The following are the steps needed to integrated rstrategies in an
RPython VM. Because of the special nature of this library it is not
enough to simply call some API methods; the library must be integrated
within existing VM classes using a metaclass, mixins and other
meta-programming techniques.

The sequence of steps described here is something like a "setup
walkthrough", and might be a bit abstract. To see a concrete example,
look at
`SingletonStorageStrategy <https://github.com/HPI-SWA-Lab/RSqueak/blob/d048f713002c01c9b121c80e8eb9bea33ed742d6/spyvm/storage.py#L73>`__,
`StrategyFactory <https://github.com/HPI-SWA-Lab/RSqueak/blob/d048f713002c01c9b121c80e8eb9bea33ed742d6/spyvm/storage.py#L126>`__
and
`W\_PointersObject <https://github.com/HPI-SWA-Lab/RSqueak/blob/d048f713002c01c9b121c80e8eb9bea33ed742d6/spyvm/model.py#L616>`__
from the `RSqueak VM <https://github.com/HPI-SWA-Lab/RSqueak>`__. The
code is also well commented.

Basics
-------

Currently the rstrategies library supports fixed sized and variable
sized collections. This can be used to optimize a wide range of
primitive data structures like arrays, lists or regular objects. Any of
these are called 'collections' in this context. The VM should have a
central class or class hierarchy for collections. In order to extend
these classes and use strategies, the library needs accessor methods for
two attributes of collection objects: strategy and storage. The easiest
way is adding the following line to the body of the root collection
class:

::

    rstrategies.make_accessors(strategy='strategy', storage='storage')

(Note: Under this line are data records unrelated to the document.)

theorem theorem3p1:
  fixes alpha :: "nat list" and i x :: nat
  assumes "length alpha \<ge> 2"
    and "\<forall>k \<in> set alpha. k > 0"
    and "hd alpha \<ge> 2" and "last alpha \<ge> 2"
    and "1 \<le> i" and "i \<le> length alpha" and "alpha ! (i - 1) \<ge> 2"
    and "x \<in> funshared alpha i"
  shows "\<forall>I. fideal alpha I \<longrightarrow>
     int (alpha ! (i - 1)) * fchi alpha x I
       + optstat (fchi alpha) (fvalley alpha i) I + optstat (fchi alpha) (fpeak alpha i) I
     = 1 - optstat (fT alpha) (fvalley alpha i) I
       - (\<Sum>u \<in> {u \<in> felems alpha. fle alpha (fsmin alpha i) u \<and> fle alpha u x}.
            int (card (finterval alpha (fsmin alpha i) u)) * fT alpha u I)
       + (\<Sum>u \<in> {u \<in> felems alpha. flt alpha x u \<and> fle alpha u (fsmax alpha i)}.
            int (card (finterval alpha u (fsmax alpha i))) * fT alpha u I)"
proof -
  interpret fence_segment alpha i using assms by unfold_locales auto
  obtain m where x: "x = sij m" and m: "1 \<le> m" "m \<le> \<beta>" using assms(8) funshared_eq by auto
  show ?thesis
    unfolding x alpha_i_eq sum_fsmin_interval[OF m] sum_fsmax_interval[OF m]
    by (intro allI impI, frule identity_at_sij[OF _ m], frule optstat_fchi_fT_valley,
        drule optstat_fchi_peak) linarith
qed

end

This will generate the 4 accessor methods
``_[get/set]_[storage/strategy]()`` for the respective attributes.
Alternatively, implement these methods manually or overwrite the
getters/setters in ``StrategyFactory``.

Next, the strategy classes must be defined. This requires a small class
hierarchy with a dedicated root class. In the definition of this root
class, include the following lines:

::

        __metaclass__ = rstrategies.StrategyMetaclass
        import_from_mixin(rstrategies.AbstractStrategy)
        import_from_mixin(rstrategies.SafeIndexingMixin)

``import_from_mixin`` can be found in ``rpython.rlib.objectmodel``. If
index-checking is performed safely at other places in the VM, you can
use ``rstrategies.UnsafeIndexingMixin`` instead. If you need your own
metaclass, you can combine yours with the rstrategies one using multiple
inheritance `like
here <https://github.com/HPI-SWA-Lab/RSqueak/blob/d5ff2572106d23a5246884de6f8b86f46d85f4f7/spyvm/storage_contexts.py#L24>`__.
Also implement a ``storage_factory()`` method, which returns an instance
of ``rstrategies.StorageFactory``, which is described below.

An example ``AbstractStrategy`` class, which also stores an additional ``space`` parameter could looks like this:

::

    class AbstractStrategy(AbstractStrategy):
        _attrs_ = ['space']
        _immutable_fields_ = ['space']
        __metaclass__ = rstrat.StrategyMetaclass
        import_from_mixin(rstrat.AbstractStrategy)
        import_from_mixin(rstrategies.SafeIndexingMixin)
        
        def __init__(self, space):
            self.space = space
        
        def strategy_factory(self):
            return self.space.strategy_factory


Strategy classes
----------------

Now you can create the actual strategy classes, subclassing them from
the single root class. The following list summarizes the basic
strategies available.

- ``EmptyStrategy`` A strategy for empty collections; very efficient, but limited. Does not allocate anything.
- ``SingleValueStrategy`` A strategy for collections containing the same object ``n`` times. Only allocates memory to store the size of the collection.
- ``GenericStrategy`` A non-optimized strategy backed by a generic python list. This is the fallback strategy, since it can store everything, but is not optimized.
- ``WeakGenericStrategy`` Like ``GenericStrategy``, but uses ``weakref`` to hold on weakly to its elements.
- ``SingleTypeStrategy`` Can store a single unboxed type like int or float. This is the main optimizing strategy
- ``TaggingStrategy`` Extension of SingleTypeStrategy. Uses a specific value in the value range of the unboxed type to represent one additional, arbitrary object. For example, one of ``float``'s ``NaN`` representations can be used to represent special value like ``nil``.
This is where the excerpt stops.